Under wat occupation code you applied ?? Have you got acknowldgmnt from NSW ??


----------



## romio2020 (Sep 25, 2013)

I posted on Systems Administrator job code and I got acknowledgement from them on 9 of August 2013.

But still no status on my application.


----------



## kmann (Mar 13, 2013)

romio2020 said:


> I posted on Systems Administrator job code and I got acknowledgement from them on 9 of August 2013.
> 
> But still no status on my application.


Average processing time for NSW nomination is 12 weeks mate. You have to wait for your SS.

All the best with your application. 

Regards,
Karan


----------



## rajarun09 (Apr 24, 2014)

Hi........
I ahd applied for 489 SS from Southern Inland sponsorship on May 2104
and got sponsorship in june within 18 days.......


----------



## Tushar_2015 (Jul 19, 2014)

Hi rajarun9, have you got the visa ?


----------



## Tushar_2015 (Jul 19, 2014)

How much time it will take to get visa after receipt of the invitation.


----------



## aztecsanx (Apr 27, 2015)

Tushar_2015 said:


> How much time it will take to get visa after receipt of the invitation.


About 3-4 months.


----------



## ayushan (Jul 3, 2015)

hi everyone ,pls let me know about the job opportunities in southren inland region of nsw as i am about to apply for 489 visa. my occupation is motorcycle mechanic


----------



## junelion (Jan 27, 2015)

Hi everyone , I applied for southern inland on about 9th, Aug. They invited me to submit my paper files on the same day after several hours. My code is 312211. Other friends who just applied after me the next day wait for almost one months until they received the paper file request. They called them before they said some colleagues were on their holidays so delayed. I guess now you may get your case updated.
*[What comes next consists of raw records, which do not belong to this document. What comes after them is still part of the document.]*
(* Let $d\in\mathbb{N}$, $G=\mathbb{Z}_{12d+4}$, $H=\{0,3d+1,6d+2,9d+3\}$ and $K=\{0,6d+2\}$. Let $a_1+H,\dots,a_{3d}+H$ be the cosets of $H$ in $G$ other than $H$ itself. Form a family $S'$ of $6d$ two-element sets as follows: for each $1\le i\le d$, split $a_i+H$ into the two cosets $a_i+K$ and $b_i+K$ of $K$, where $b_i=a_i+(3d+1)$; for each $d+1\le j\le 3d$, split $a_j+H$ into two disjoint subsets $B_j$ and $C_j$, each of the form $\{x,y\}$ with $y-x=3d+1$. Then $S'$ is a $(12d+4,6d,2,0,4d)$-DPDF and a $(12d+4,6d,2,12d-4,8d)$-EPDF in $G$.
   Context: In an additive group $G$ with identity $0$, let $G^*=G\setminus\{0\}$. For $D\subseteq G$, $\Delta(D)$ is the multiset $\{x-y:x,y\in D,x\ne y\}$; for $D_1,D_2\subseteq G$, $\Delta(D_1,D_2)$ is the multiset $\{x-y:x\in D_1,y\in D_2\}$. For a family $A=\{A_1,\dots,A_s\}$ of pairwise disjoint subsets, ${\rm Int}(A)=\bigcup_i\Delta(A_i)$ and ${\rm Ext}(A)=\bigcup_{i\ne j}\Delta(A_i,A_j)$ (multiset unions). For $|G|=v$, a $(v,s,k,\lambda,\mu)$-DPDF is a family of $s$ pairwise disjoint $k$-subsets of $G^*$ with union $S$ such that ${\rm Int}(A)$ contains each element of $S$ exactly $\lambda$ times and each element of $G\setminus(S\cup\{0\})$ exactly $\mu$ times; a $(v,s,k,\lambda,\mu)$-EPDF is defined the same way using ${\rm Ext}(A)$. *)

theory Defs
  imports Main
begin

text \<open>The cyclic group Z_n is modelled by the carrier {0..<n} of integers,
  with addition and subtraction taken mod n. Its identity is 0.\<close>

definition zcar :: "int \<Rightarrow> int set" where
  "zcar n = {0..<n}"

definition ztrans :: "int \<Rightarrow> int \<Rightarrow> int set \<Rightarrow> int set" where
  "ztrans n a X = (\<lambda>x. (a + x) mod n) ` X"

text \<open>Multiplicity of g in Int(A) = union of Delta(B), B in A.\<close>
definition int_mult :: "int \<Rightarrow> int set set \<Rightarrow> int \<Rightarrow> nat" where
  "int_mult n A g = (\<Sum>B\<in>A. card {(x, y). x \<in> B \<and> y \<in> B \<and> x \<noteq> y \<and> (x - y) mod n = g})"

text \<open>Multiplicity of g in Ext(A) = union of Delta(B,C), B, C distinct members of A.\<close>
definition ext_mult :: "int \<Rightarrow> int set set \<Rightarrow> int \<Rightarrow> nat" where
  "ext_mult n A g = (\<Sum>(B, C)\<in>{(B, C). B \<in> A \<and> C \<in> A \<and> B \<noteq> C}.
                        card {(x, y). x \<in> B \<and> y \<in> C \<and> (x - y) mod n = g})"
My question is, I have already received a letter on last Tuesday from SOUTHERN INLAND. They wrote that my case was successful and my Form R had been sent to NSW DEPARTMENT for progressing, matching my EOI to give me visa invitation.... However, now one week passed, I still have not received my VISA invitation in my EOI. Is it normal? I sent them an email but there is no response by now.


----------



## innipat3 (Jun 16, 2015)

junelion said:


> Hi everyone , I applied for southern inland on about 9th, Aug. They invited me to submit my paper files on the same day after several hours. My code is 312211. Other friends who just applied after me the next day wait for almost one months until they received the paper file request. They called them before they said some colleagues were on their holidays so delayed. I guess now you may get your case updated.
> 
> My question is, I have already received a letter on last Tuesday from SOUTHERN INLAND. They wrote that my case was successful and my Form R had been sent to NSW DEPARTMENT for progressing, matching my EOI to give me visa invitation.... However, now one week passed, I still have not received my VISA invitation in my EOI. Is it normal? I sent them an email but there is no response by now.
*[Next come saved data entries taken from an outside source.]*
lemma (in prob_space) indep_var_compose_components:
  assumes ind: "indep_vars (\<lambda>_. S) X I" and ik: "i \<in> I" "k \<in> I" "i \<noteq> k"
    and fm: "f \<in> borel_measurable S" and hm: "h \<in> borel_measurable S"
  shows "indep_var borel (\<lambda>\<omega>. f (X i \<omega>)) borel (\<lambda>\<omega>. h (X k \<omega>))"
proof -
  have "indep_var (PiM {i} (\<lambda>_. S)) (\<lambda>\<omega>. restrict (\<lambda>i. X i \<omega>) {i})
                  (PiM {k} (\<lambda>_. S)) (\<lambda>\<omega>. restrict (\<lambda>i. X i \<omega>) {k})"
    by (rule indep_var_restrict[OF ind]) (use ik in auto)
  then have "indep_var borel ((\<lambda>x. f (x i)) \<circ> (\<lambda>\<omega>. restrict (\<lambda>i. X i \<omega>) {i}))
                       borel ((\<lambda>x. h (x k)) \<circ> (\<lambda>\<omega>. restrict (\<lambda>i. X i \<omega>) {k}))"
    by (rule indep_var_compose)
       (auto intro!: measurable_compose[OF measurable_component_singleton[of i "{i}" "\<lambda>_. S"] fm]
                     measurable_compose[OF measurable_component_singleton[of k "{k}" "\<lambda>_. S"] hm])
  then show ?thesis by (simp add: comp_def)
qed

text \<open>Independence and zero means kill the cross terms of \<open>(\<Sum>\<^sub>i Y\<^sub>i)\<^sup>2\<close>.\<close>
lemma (in prob_space) expectation_sq_sum_indep:
  fixes Y :: "nat \<Rightarrow> 'a \<Rightarrow> real"
  assumes Ym: "\<And>i. i < n \<Longrightarrow> Y i \<in> borel_measurable M"
    and sq_int: "\<And>i. i < n \<Longrightarrow> integrable M (\<lambda>\<omega>. (Y i \<omega>)^2)"
    and indep: "\<And>i k. i < n \<Longrightarrow> k < n \<Longrightarrow> i \<noteq> k \<Longrightarrow> indep_var borel (Y i) borel (Y k)"
    and mean: "\<And>i. i < n \<Longrightarrow> expectation (Y i) = 0"
  shows "integrable M (\<lambda>\<omega>. (\<Sum>i<n. Y i \<omega>)^2)"
    "expectation (\<lambda>\<omega>. (\<Sum>i<n. Y i \<omega>)^2) = (\<Sum>i<n. expectation (\<lambda>\<omega>. (Y i \<omega>)^2))"
proof -
  have Y_int: "integrable M (Y i)" if "i < n" for i
    using square_integrable_imp_integrable[OF Ym sq_int] that by simp
  have prod_int: "integrable M (\<lambda>\<omega>. Y i \<omega> * Y k \<omega>)" if "i < n" "k < n" for i k
    using sq_int[OF that(1)] indep_var_integrable[OF indep] Y_int that
    by (cases "i = k") (auto simp: power2_eq_square)
  have prod_E: "expectation (\<lambda>\<omega>. Y i \<omega> * Y k \<omega>)
      = (if i = k then expectation (\<lambda>\<omega>. (Y i \<omega>)^2) else 0)" if "i < n" "k < n" for i k
  proof (cases "i = k")
    case False
    then have "expectation (\<lambda>\<omega>. Y i \<omega> * Y k \<omega>) = expectation (Y i) * expectation (Y k)"
      using indep_var_lebesgue_integral[OF indep] Y_int that by auto
    then show ?thesis using mean that False by simp
  qed (simp add: power2_eq_square)
  have sq_sum: "(\<Sum>i<n. Y i \<omega>)^2 = (\<Sum>i<n. \<Sum>k<n. Y i \<omega> * Y k \<omega>)" for \<omega>
    by (simp add: power2_eq_square sum_product)
  show "integrable M (\<lambda>\<omega>. (\<Sum>i<n. Y i \<omega>)^2)"
    unfolding sq_sum by (intro Bochner_Integration.integrable_sum prod_int) auto
  have "expectation (\<lambda>\<omega>. (\<Sum>i<n. Y i \<omega>)^2) = (\<Sum>i<n. \<Sum>k<n. expectation (\<lambda>\<omega>. Y i \<omega> * Y k \<omega>))"
    unfolding sq_sum
    by (subst Bochner_Integration.integral_sum, auto intro!: Bochner_Integration.integrable_sum prod_int,
        rule sum.cong[OF refl], rule Bochner_Integration.integral_sum, auto intro!: prod_int)
  also have "\<dots> = (\<Sum>i<n. expectation (\<lambda>\<omega>. (Y i \<omega>)^2))"
    by (simp add: prod_E)
  finally show "expectation (\<lambda>\<omega>. (\<Sum>i<n. Y i \<omega>)^2) = (\<Sum>i<n. expectation (\<lambda>\<omega>. (Y i \<omega>)^2))" .
qed

lemma (in prob_space) expectation_sq_sum_indep_le:
  fixes X :: "nat \<Rightarrow> 'a \<Rightarrow> 'x" and f :: "'x \<Rightarrow> real"
  assumes Xm: "\<And>i. i < n \<Longrightarrow> X i \<in> measurable M S"
    and ind: "indep_vars (\<lambda>_. S) X {..<n}"
    and fm: "f \<in> borel_measurable S"
    and mean: "\<And>i. i < n \<Longrightarrow> expectation (\<lambda>\<omega>. f (X i \<omega>)) = 0"
    and mom: "\<And>i. i < n \<Longrightarrow> (\<integral>\<^sup>+\<omega>. ennreal (\<bar>f (X i \<omega>)\<bar> powr \<gamma>) \<partial>M) \<le> ennreal C"
    and \<gamma>: "2 \<le> \<gamma>" and C: "0 \<le> C"
  shows "integrable M (\<lambda>\<omega>. (\<Sum>i<n. f (X i \<omega>))^2)"
    "expectation (\<lambda>\<omega>. (\<Sum>i<n. f (X i \<omega>))^2) \<le> real n * (1 + C)"
proof -
  have Ym: "(\<lambda>\<omega>. f (X i \<omega>)) \<in> borel_measurable M" if "i < n" for i
    using measurable_compose[OF Xm fm] that by (simp add: comp_def)
  have sq: "integrable M (\<lambda>\<omega>. (f (X i \<omega>))^2)" "expectation (\<lambda>\<omega>. (f (X i \<omega>))^2) \<le> 1 + C"
    if "i < n" for i
    using square_moment_le[OF Ym[OF that] \<gamma> C mom[OF that]] by auto
  have indep: "indep_var borel (\<lambda>\<omega>. f (X i \<omega>)) borel (\<lambda>\<omega>. f (X k \<omega>))"
    if "i < n" "k < n" "i \<noteq> k" for i k
    using indep_var_compose_components[OF ind _ _ _ fm fm] that by auto
  note sum_sq = expectation_sq_sum_indep[where Y="\<lambda>i \<omega>. f (X i \<omega>)", OF Ym sq(1) indep mean]
  show "integrable M (\<lambda>\<omega>. (\<Sum>i<n. f (X i \<omega>))^2)" using sum_sq(1) by simp
  have "expectation (\<lambda>\<omega>. (\<Sum>i<n. f (X i \<omega>))^2) = (\<Sum>i<n. expectation (\<lambda>\<omega>. (f (X i \<omega>))^2))"
    by (rule sum_sq(2))
  also have "\<dots> \<le> (\<Sum>i<n. 1 + C)" using sq(2) by (intro sum_mono) simp
  finally show "expectation (\<lambda>\<omega>. (\<Sum>i<n. f (X i \<omega>))^2) \<le> real n * (1 + C)" by simp
qed

lemma (in prob_space) expectation_sum_sq_sums_indep_le:
  fixes X :: "nat \<Rightarrow> 'a \<Rightarrow> 'x" and f :: "nat \<Rightarrow> 'x \<Rightarrow> real"
  assumes Xm: "\<And>i. i < n \<Longrightarrow> X i \<in> measurable M S"
    and ind: "indep_vars (\<lambda>_. S) X {..<n}"
    and fm: "\<And>j. j < r \<Longrightarrow> f j \<in> borel_measurable S"
    and mean: "\<And>i j. i < n \<Longrightarrow> j < r \<Longrightarrow> expectation (\<lambda>\<omega>. f j (X i \<omega>)) = 0"
    and mom: "\<And>i j. i < n \<Longrightarrow> j < r \<Longrightarrow> (\<integral>\<^sup>+\<omega>. ennreal (\<bar>f j (X i \<omega>)\<bar> powr \<gamma>) \<partial>M) \<le> ennreal C"
    and \<gamma>: "2 \<le> \<gamma>" and C: "0 \<le> C"
  shows "integrable M (\<lambda>\<omega>. \<Sum>j<r. (\<Sum>i<n. f j (X i \<omega>))^2)"
    "expectation (\<lambda>\<omega>. \<Sum>j<r. (\<Sum>i<n. f j (X i \<omega>))^2) \<le> real n * real r * (1 + C)"
proof -
  have coord: "integrable M (\<lambda>\<omega>. (\<Sum>i<n. f j (X i \<omega>))^2)"
      "expectation (\<lambda>\<omega>. (\<Sum>i<n. f j (X i \<omega>))^2) \<le> real n * (1 + C)" if "j < r" for j
    using expectation_sq_sum_indep_le[OF Xm ind fm[OF that] mean[OF _ that] mom[OF _ that] \<gamma> C]
    by auto
  show "integrable M (\<lambda>\<omega>. \<Sum>j<r. (\<Sum>i<n. f j (X i \<omega>))^2)"
    using coord(1) by auto
  have "expectation (\<lambda>\<omega>. \<Sum>j<r. (\<Sum>i<n. f j (X i \<omega>))^2)
      = (\<Sum>j<r. expectation (\<lambda>\<omega>. (\<Sum>i<n. f j (X i \<omega>))^2))"
    using coord(1) by (simp add: Bochner_Integration.integral_sum)
  also have "\<dots> \<le> (\<Sum>j<r. real n * (1 + C))" using coord(2) by (intro sum_mono) auto
  finally show "expectation (\<lambda>\<omega>. \<Sum>j<r. (\<Sum>i<n. f j (X i \<omega>))^2) \<le> real n * real r * (1 + C)"
    by (simp add: mult_ac)
qed

lemma nn_integral_sum_sq_powr_le:
  fixes V :: "nat \<Rightarrow> 'a \<Rightarrow> real"
  assumes Vm: "\<And>j. j < r \<Longrightarrow> V j \<in> borel_measurable M"
    and mom: "\<And>j. j < r \<Longrightarrow> (\<integral>\<^sup>+\<omega>. ennreal (\<bar>V j \<omega>\<bar> powr \<gamma>) \<partial>M) \<le> ennreal C"
    and \<gamma>: "2 \<le> \<gamma>" and C: "0 \<le> C"
  shows "(\<integral>\<^sup>+\<omega>. ennreal ((\<Sum>j<r. (V j \<omega>)^2) powr (\<gamma> / 2)) \<partial>M) \<le> ennreal (real r powr (\<gamma> / 2) * C)"
proof -
  define p where "p = \<gamma> / 2"
  have p: "1 \<le> p" using \<gamma> by (simp add: p_def)
  have Vpm[measurable]: "(\<lambda>\<omega>. \<bar>V j \<omega>\<bar> powr \<gamma>) \<in> borel_measurable M" if "j < r" for j
    using Vm[OF that] by measurable
  have pointwise: "(\<Sum>j<r. (V j \<omega>)^2) powr p \<le> real r powr (p - 1) * (\<Sum>j<r. \<bar>V j \<omega>\<bar> powr \<gamma>)" for \<omega>
  proof -
    have "((V j \<omega>)^2) powr p = \<bar>V j \<omega>\<bar> powr \<gamma>" for j
    proof -
      have sq_abs: "(V j \<omega>)^2 = \<bar>V j \<omega>\<bar> powr 2" by simp
      show ?thesis unfolding sq_abs powr_powr p_def by simp
    qed
    then show ?thesis
      using powr_sum_le_card_powr_sum[of "{..<r}" "\<lambda>j. (V j \<omega>)^2", OF _ _ p] by simp
  qed
  have "(\<integral>\<^sup>+\<omega>. ennreal ((\<Sum>j<r. (V j \<omega>)^2) powr p) \<partial>M)
      \<le> (\<integral>\<^sup>+\<omega>. ennreal (real r powr (p - 1)) * (\<Sum>j<r. ennreal (\<bar>V j \<omega>\<bar> powr \<gamma>)) \<partial>M)"
  proof (rule nn_integral_mono)
    fix \<omega>
    have "ennreal ((\<Sum>j<r. (V j \<omega>)^2) powr p)
        \<le> ennreal (real r powr (p - 1) * (\<Sum>j<r. \<bar>V j \<omega>\<bar> powr \<gamma>))"
      by (rule ennreal_leI) (rule pointwise)
    then show "ennreal ((\<Sum>j<r. (V j \<omega>)^2) powr p)
        \<le> ennreal (real r powr (p - 1)) * (\<Sum>j<r. ennreal (\<bar>V j \<omega>\<bar> powr \<gamma>))"
      by (simp add: ennreal_mult sum_nonneg)
  qed
  also have "\<dots> = ennreal (real r powr (p - 1)) * (\<Sum>j<r. (\<integral>\<^sup>+\<omega>. ennreal (\<bar>V j \<omega>\<bar> powr \<gamma>) \<partial>M))"
  proof -
    have "(\<lambda>\<omega>. \<Sum>j<r. ennreal (\<bar>V j \<omega>\<bar> powr \<gamma>)) \<in> borel_measurable M"
      by (intro borel_measurable_sum) (simp add: Vpm)
    moreover have "(\<integral>\<^sup>+\<omega>. (\<Sum>j<r. ennreal (\<bar>V j \<omega>\<bar> powr \<gamma>)) \<partial>M)
        = (\<Sum>j<r. (\<integral>\<^sup>+\<omega>. ennreal (\<bar>V j \<omega>\<bar> powr \<gamma>) \<partial>M))"
      by (rule nn_integral_sum) (simp add: Vpm)
    ultimately show ?thesis by (subst nn_integral_cmult) auto
  qed
  also have "\<dots> \<le> ennreal (real r powr (p - 1)) * (\<Sum>j<r. ennreal C)"
    by (intro mult_left_mono sum_mono mom) auto
  also have "\<dots> = ennreal (real r powr p * C)"
    using C by (cases "r = 0")
      (simp_all add: powr_diff field_simps ennreal_of_nat_eq_real_of_nat flip: ennreal_mult)
  finally show ?thesis by (simp add: p_def)
qed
I received invitation on 11.02.2015 and received similar letter from SI on 13.02.2015  
Visa granted on 6.7.2015


----------



## innipat3 (Jun 16, 2015)

I am planning to move southern Inland region by Nov
Anybody have idea how to stay there initially ?


----------



## psobti (Oct 26, 2015)

*Employment in NSW*

I am moving to southern inland part of NSW.

I am Mechanical Engineer with 7 years experience the field as well as Planning .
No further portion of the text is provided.